Si el indígena es un niño, o un adolescente, tenga por cierto el preguntador, en la mayor parte de los casos, que una de esas quintas enjalbegadas, ceñidas por verja de fierro, y jardín de dalias y hortensias, es la cifra de sus aspiraciones y deseos,

se le aparece en sueños, le causa las indecibles melancolías de la aspiración vaga a lo remoto y difícil, le distrae del Catón y el Fleury si es apocado y tibio, o le empeña en su estudio si tiene ánimo y altos pensamientos; asoma en sus juegos infantiles, y le conforta al ser despertado por la lluvia que cae dentro de su casa a través de las rajas del techo; le hace morder con diente intrépido en la borona seca y fría, y no sentir en sus pies descalzos los guijarros de que está sembrado el camino de la escuela.

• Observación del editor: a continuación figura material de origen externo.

lemma diag_basis_exists:
  fixes B :: "real^'n \<Rightarrow> real^'n \<Rightarrow> real"
  assumes bl: "bilinear B" and sym: "\<And>x y. B x y = B y x"
  shows "\<exists>P. diag_basis B P"
proof -
  obtain T where T: "independent T" "UNIV \<subseteq> span T" "pairwise (\<lambda>u w. B u w = 0) T"
    using exists_orthogonal_basis[OF bl sym subspace_UNIV] by blast
  have "finite T" using T(1) by (rule finiteI_independent)
  moreover have "card T = CARD('n)"
    using basis_card_eq_dim[of T UNIV] T by auto
  ultimately obtain g where g: "bij_betw g (UNIV::'n set) T"
    using finite_same_card_bij[of "UNIV::'n set" T] by auto
  define P :: "real^'n^'n" where "P = (\<chi> i j. g j $ i)"
  have col: "column j P = g j" for j by (simp add: P_def column_def vec_eq_iff)
  have "x = 0" if "P *v x = 0" for x
  proof -
    define u where "u t = x $ inv_into UNIV g t" for t
    have "(\<Sum>t\<in>T. u t *\<^sub>R t) = (\<Sum>i\<in>UNIV. u (g i) *\<^sub>R g i)"
      using sum.reindex_bij_betw[OF g, of "\<lambda>t. u t *\<^sub>R t"] by simp
    also have "\<dots> = P *v x"
      using g by (simp add: u_def bij_betw_def matrix_mult_sum scalar_mult_eq_scaleR col)
    finally have "\<forall>t\<in>T. u t = 0"
      using that T(1) dependent_finite[OF \<open>finite T\<close>] by auto
    then have "x $ i = 0" for i
      using g by (metis u_def bij_betw_def inv_into_f_f UNIV_I bij_betwE)
    then show ?thesis by (simp add: vec_eq_iff)
  qed
  then have "invertible P"
    using matrix_left_invertible_ker[of P] invertible_left_inverse[of P] by blast
  moreover have "B (column i P) (column j P) = 0" if "i \<noteq> j" for i j
    using T(3) g that by (auto simp: col pairwise_def bij_betw_def inj_eq)
  ultimately show ?thesis unfolding diag_basis_def by blast
qed

lemma quadratic_form_diag_basis:
  fixes B :: "real^'n \<Rightarrow> real^'n \<Rightarrow> real"
  assumes bl: "bilinear B" and P: "diag_basis B P"
  shows "B (P *v x) (P *v x) = (\<Sum>i\<in>UNIV. (x$i)^2 * B (column i P) (column i P))"
proof -
  have "P *v x = (\<Sum>i\<in>UNIV. (x$i) *\<^sub>R column i P)"
    by (simp add: matrix_mult_sum scalar_mult_eq_scaleR)
  then have "B (P *v x) (P *v x)
      = (\<Sum>i\<in>UNIV. \<Sum>j\<in>UNIV. B ((x$i) *\<^sub>R column i P) ((x$j) *\<^sub>R column j P))"
    by (simp add: bilinear_sum[OF bl] sum.cartesian_product)
  also have "\<dots> = (\<Sum>i\<in>UNIV. \<Sum>j\<in>UNIV. if j = i then (x$i)^2 * B (column i P) (column i P) else 0)"
    using P bl by (intro sum.cong refl)
      (auto simp: diag_basis_def bilinear_lmul bilinear_rmul power2_eq_square)
  finally show ?thesis by simp
qed

lemma coordinate_subspace_image:
  fixes P :: "real^'n^'n"
  assumes "invertible P"
  shows "subspace ((*v) P ` {x. \<forall>i. i \<notin> I \<longrightarrow> x$i = 0})"
    and "dim ((*v) P ` {x. \<forall>i. i \<notin> I \<longrightarrow> x$i = 0}) = card I"
proof -
  have sub: "subspace {x::real^'n. \<forall>i. i \<notin> I \<longrightarrow> x$i = 0}"
    by (auto simp: subspace_def)
  then show "subspace ((*v) P ` {x. \<forall>i. i \<notin> I \<longrightarrow> x$i = 0})"
    by (rule linear_subspace_image[rotated]) simp
  have "dim ((*v) P ` {x. \<forall>i. i \<notin> I \<longrightarrow> x$i = 0}) = dim {x::real^'n. \<forall>i. i \<notin> I \<longrightarrow> x$i = 0}"
    using inj_matrix_vector_mult[OF assms] by (intro dim_image_eq) (auto simp: inj_on_def)
  also have "\<dots> = card I"
    using dim_substandard_cart[of I, where 'a=real] by (simp add: dim_vec_eq)
  finally show "dim ((*v) P ` {x. \<forall>i. i \<notin> I \<longrightarrow> x$i = 0}) = card I" .
qed

lemma dim_add_le_of_positive_nonpositive:
  fixes B :: "real^'n \<Rightarrow> real^'n \<Rightarrow> real"
  assumes "subspace W" "subspace N" "positive_definite_on B W" "\<And>v. v \<in> N \<Longrightarrow> B v v \<le> 0"
  shows "dim W + dim N \<le> CARD('n)"
proof -
  have "W \<inter> N \<subseteq> {0}"
    using assms(3,4) by (force simp: positive_definite_on_def)
  then have "dim (W \<inter> N) = 0" by (simp add: dim_eq_0)
  moreover have "dim {x + y |x y. x \<in> W \<and> y \<in> N} \<le> CARD('n)"
    using dim_subset_UNIV[of "{x + y |x y. x \<in> W \<and> y \<in> N}"] by simp
  ultimately show ?thesis using dim_sums_Int[OF assms(1,2)] by linarith
qed

lemma dim_le_card_positive_diagonal:
  fixes B :: "real^'n \<Rightarrow> real^'n \<Rightarrow> real"
  assumes bl: "bilinear B" and P: "diag_basis B P"
    and W: "subspace W" "positive_definite_on B W"
  shows "dim W \<le> card {i. 0 < B (column i P) (column i P)}"
proof -
  let ?I = "{i. 0 < B (column i P) (column i P)}"
  let ?N = "(*v) P ` {x. \<forall>i. i \<notin> - ?I \<longrightarrow> x$i = 0}"
  have inv: "invertible P" using P by (simp add: diag_basis_def)
  have nonpos: "B v v \<le> 0" if "v \<in> ?N" for v
  proof -
    obtain x where x: "v = P *v x" "\<forall>i\<in>?I. x$i = 0" using \<open>v \<in> ?N\<close> by auto
    have "B v v = (\<Sum>i\<in>UNIV. (x$i)^2 * B (column i P) (column i P))"
      using quadratic_form_diag_basis[OF bl P] x(1) by simp
    also have "\<dots> \<le> 0"
    proof (rule sum_nonpos)
      fix i show "(x$i)^2 * B (column i P) (column i P) \<le> 0"
        using x(2) by (cases "i \<in> ?I") (auto intro: mult_nonneg_nonpos)
    qed
    finally show ?thesis .
  qed
  have "dim W + dim ?N \<le> CARD('n)"
    by (rule dim_add_le_of_positive_nonpositive[OF W(1) coordinate_subspace_image(1)[OF inv] W(2) nonpos])
  then have "dim W + card (- ?I) \<le> CARD('n)"
    by (simp only: coordinate_subspace_image(2)[OF inv])
  moreover have "card (- ?I) = CARD('n) - card ?I"
    by (simp add: Compl_eq_Diff_UNIV card_Diff_subset)
  moreover have "card ?I \<le> CARD('n)" by (simp add: card_mono)
  ultimately show ?thesis by linarith
qed

lemma exists_positive_subspace_diagonal:
  fixes B :: "real^'n \<Rightarrow> real^'n \<Rightarrow> real"
  assumes bl: "bilinear B" and P: "diag_basis B P"
  shows "\<exists>W. subspace W \<and> dim W = card {i. 0 < B (column i P) (column i P)} \<and> positive_definite_on B W"
proof -
  let ?I = "{i. 0 < B (column i P) (column i P)}"
  let ?W = "(*v) P ` {x. \<forall>i. i \<notin> ?I \<longrightarrow> x$i = 0}"
  have inv: "invertible P" using P by (simp add: diag_basis_def)
  have "0 < B v v" if "v \<in> ?W" "v \<noteq> 0" for v
  proof -
    obtain x where x: "v = P *v x" "\<forall>i. i \<notin> ?I \<longrightarrow> x$i = 0"
      using \<open>v \<in> ?W\<close> by blast
    have "x \<noteq> 0" using x(1) \<open>v \<noteq> 0\<close> by auto
    then obtain k where k: "x$k \<noteq> 0" by (auto simp: vec_eq_iff)
    then have pos_k: "0 < (x$k)^2 * B (column k P) (column k P)"
      using x(2) by force
    have nonneg: "0 \<le> (x$i)^2 * B (column i P) (column i P)" for i
      using x(2) by (cases "i \<in> ?I") auto
    have "0 < (\<Sum>i\<in>UNIV. (x$i)^2 * B (column i P) (column i P))"
      using pos_k nonneg by (intro sum_pos2[where i=k]) auto
    then show ?thesis
      using quadratic_form_diag_basis[OF bl P] x(1) by simp
  qed
  then show ?thesis
    using coordinate_subspace_image[OF inv, of ?I] unfolding positive_definite_on_def by blast
qed

lemma rank_plus_diag_basis:
  fixes B :: "real^'n \<Rightarrow> real^'n \<Rightarrow> real"
  assumes bl: "bilinear B" and P: "diag_basis B P"
  shows "rank_plus B = card {i. 0 < B (column i P) (column i P)}"
  unfolding rank_plus_def
proof (rule the_equality)
  fix k assume "\<exists>Q. diag_basis B Q \<and> k = card {i. 0 < B (column i Q) (column i Q)}"
  then obtain Q where Q: "diag_basis B Q" "k = card {i. 0 < B (column i Q) (column i Q)}"
    by blast
  obtain W where W: "subspace W" "dim W = card {i. 0 < B (column i P) (column i P)}"
      "positive_definite_on B W"
    using exists_positive_subspace_diagonal[OF bl P] by blast
  obtain W' where W': "subspace W'" "dim W' = k" "positive_definite_on B W'"
    using exists_positive_subspace_diagonal[OF bl Q(1)] Q(2) by blast
  show "k = card {i. 0 < B (column i P) (column i P)}"
    using dim_le_card_positive_diagonal[OF bl P W'(1,3)] dim_le_card_positive_diagonal[OF bl Q(1) W(1,3)]
      W(2) W'(2) Q(2) by linarith
qed (use P in blast)

lemma dim_le_rank_plus:
  fixes B :: "real^'n \<Rightarrow> real^'n \<Rightarrow> real"
  assumes bl: "bilinear B" and sym: "\<And>x y. B x y = B y x"
    and "subspace W" "positive_definite_on B W"
  shows "dim W \<le> rank_plus B"
proof -
  obtain P where P: "diag_basis B P" using diag_basis_exists[OF bl sym] by blast
  show ?thesis
    unfolding rank_plus_diag_basis[OF bl P] by (rule dim_le_card_positive_diagonal[OF bl P assms(3,4)])
qed

lemma exists_positive_subspace_rank_plus:
  fixes B :: "real^'n \<Rightarrow> real^'n \<Rightarrow> real"
  assumes bl: "bilinear B" and sym: "\<And>x y. B x y = B y x"
  shows "\<exists>W. subspace W \<and> dim W = rank_plus B \<and> positive_definite_on B W"
proof -
  obtain P where P: "diag_basis B P" using diag_basis_exists[OF bl sym] by blast
  show ?thesis
    unfolding rank_plus_diag_basis[OF bl P] by (rule exists_positive_subspace_diagonal[OF bl P])
qed

lemma rank_minus_eq_rank_plus_uminus: "rank_minus B = rank_plus (\<lambda>x y. - B x y)"
  unfolding rank_minus_def rank_plus_def diag_basis_def by simp

section \<open>Lower semicontinuity of the positive index\<close>

lemma bilinear_eq_sum_Basis:
  fixes D :: "'a::euclidean_space \<Rightarrow> 'a \<Rightarrow> real"
  assumes bl: "bilinear D"
  shows "D v w = (\<Sum>i\<in>Basis. \<Sum>j\<in>Basis. (v \<bullet> i) * (w \<bullet> j) * D i j)"
proof -
  have "D v w = D (\<Sum>i\<in>Basis. (v \<bullet> i) *\<^sub>R i) (\<Sum>j\<in>Basis. (w \<bullet> j) *\<^sub>R j)"
    by (simp add: euclidean_representation)
  also have "\<dots> = (\<Sum>i\<in>Basis. \<Sum>j\<in>Basis. D ((v \<bullet> i) *\<^sub>R i) ((w \<bullet> j) *\<^sub>R j))"
    by (simp add: bilinear_sum[OF bl] sum.cartesian_product)
  also have "\<dots> = (\<Sum>i\<in>Basis. \<Sum>j\<in>Basis. (v \<bullet> i) * (w \<bullet> j) * D i j)"
    by (simp add: bilinear_lmul[OF bl] bilinear_rmul[OF bl] mult_ac)
  finally show ?thesis .
qed

lemma abs_quadratic_sum_Basis_le:
  fixes v :: "'a::euclidean_space"
  shows "\<bar>\<Sum>i\<in>Basis. \<Sum>j\<in>Basis. (v \<bullet> i) * (v \<bullet> j) * d i j\<bar>
    \<le> (norm v)^2 * (\<Sum>i\<in>Basis. \<Sum>j\<in>Basis. \<bar>d i j\<bar>)"
proof -
  have "\<bar>\<Sum>i\<in>Basis. \<Sum>j\<in>Basis. (v \<bullet> i) * (v \<bullet> j) * d i j\<bar>
      \<le> (\<Sum>i\<in>Basis. \<Sum>j\<in>Basis. \<bar>(v \<bullet> i) * (v \<bullet> j) * d i j\<bar>)"
    by (rule order_trans[OF sum_abs sum_mono[OF sum_abs]])
  also have "\<dots> \<le> (\<Sum>i\<in>Basis. \<Sum>j\<in>Basis. (norm v)^2 * \<bar>d i j\<bar>)"
  proof (intro sum_mono)
    fix i j :: 'a assume "i \<in> Basis" "j \<in> Basis"
    then have "\<bar>v \<bullet> i\<bar> * \<bar>v \<bullet> j\<bar> \<le> norm v * norm v"
      by (intro mult_mono Basis_le_norm) auto
    then show "\<bar>(v \<bullet> i) * (v \<bullet> j) * d i j\<bar> \<le> (norm v)^2 * \<bar>d i j\<bar>"
      by (simp add: abs_mult power2_eq_square mult_right_mono)
  qed
  also have "\<dots> = (norm v)^2 * (\<Sum>i\<in>Basis. \<Sum>j\<in>Basis. \<bar>d i j\<bar>)"
    by (simp add: sum_distrib_left)
  finally show ?thesis .
qed

lemma positive_definite_on_coercive:
  fixes B :: "'a::euclidean_space \<Rightarrow> 'a \<Rightarrow> real"
  assumes bl: "bilinear B" and W: "subspace W" and pd: "positive_definite_on B W"
  shows "\<exists>c>0. \<forall>v\<in>W. c * (norm v)^2 \<le> B v v"
proof (cases "W \<subseteq> {0}")
  case True
  then show ?thesis using bilinear_lzero[OF bl] by (intro exI[of _ 1]) auto
next
  case False
  then obtain w where w: "w \<in> W" "w \<noteq> 0" by auto
  let ?K = "W \<inter> sphere 0 1"
  have "compact ?K"
    by (rule closed_Int_compact[OF closed_subspace[OF W] compact_sphere])
  moreover have "w /\<^sub>R norm w \<in> ?K" using w W by (simp add: subspace_scale)
  moreover have "continuous_on ?K (\<lambda>v. B v v)"
    by (rule bilinear_continuous_on_compose[OF continuous_on_id continuous_on_id bl])
  ultimately obtain v0 where v0: "v0 \<in> ?K" "\<And>u. u \<in> ?K \<Longrightarrow> B v0 v0 \<le> B u u"
    using continuous_attains_inf[of ?K "\<lambda>v. B v v"] by blast
  have "B v0 v0 * (norm v)^2 \<le> B v v" if "v \<in> W" for v
  proof (cases "v = 0")
    case True
    then show ?thesis using bilinear_lzero[OF bl] by simp
  next
    case False
    define u where "u = v /\<^sub>R norm v"
    have "u \<in> ?K" using that W False by (simp add: subspace_scale u_def)
    moreover have "B v v = (norm v)^2 * B u u"
    proof -
      have "B (norm v *\<^sub>R u) (norm v *\<^sub>R u) = (norm v)^2 * B u u"
        by (simp add: bilinear_lmul[OF bl] bilinear_rmul[OF bl] power2_eq_square)
      moreover have "norm v *\<^sub>R u = v" using False by (simp add: u_def)
      ultimately show ?thesis by simp
    qed
    ultimately show ?thesis
      using v0(2) by (metis mult.commute mult_right_mono zero_le_power2)
  qed
  moreover have "0 < B v0 v0" using v0(1) pd by (auto simp: positive_definite_on_def)
  ultimately show ?thesis by blast
qed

Un día su padre, noticioso por uno u otro medio, por confidencia o adivinación, del gusano que hurga la mente del muchacho, le propondrá que marche a Cuba, y esta indicación primera, tan somera y vaga, abrirá a la imaginación infantil de par en par las puertas por donde se aparecen ya definidas y posibles, tangibles y realizables las misteriosas y proféticas visiones de la fantasía. Porque en los vehementes anhelos del alma el primer paso que a su objeto nos encamina, por limitado e indeciso y de corto valer que sea, nos causa el gozo intenso de la realización completa; un gozo más puro y perfecto aún porque nos le brinda sin la triste compensación de las dudas, trabajos, desengaños y asperezás; sin las heridas, incurables acaso, que han de embarazarnos el camino largo o breve entre la posesión y la esperanza.

Ya el muchacho se mira hombre y transfigurado, dueño de su libertad, de su persona, de la casa que ahora visitan holgadamente sin licencia ni atajo, el sol y el agua, las gallinas que vuelan del cenagoso corral al desvencijado balcón, los puercos que se entran hozando del cubil a la cocina sin más ceremonia que dar una hocicada a la desquiciada puerta, casa que ve restaurada, engrandecida, puesta alegremente de blanco y verde, engalanada con pintado balconaje de hierro y bolas de limpio cristal o luciente bronce, asomada por cima de flores y frutales a una cerca firme, y sobre firme ribeteada de verdes vidrios de botella para conjuro de malas tentaciones y escarmiento de merodeadores.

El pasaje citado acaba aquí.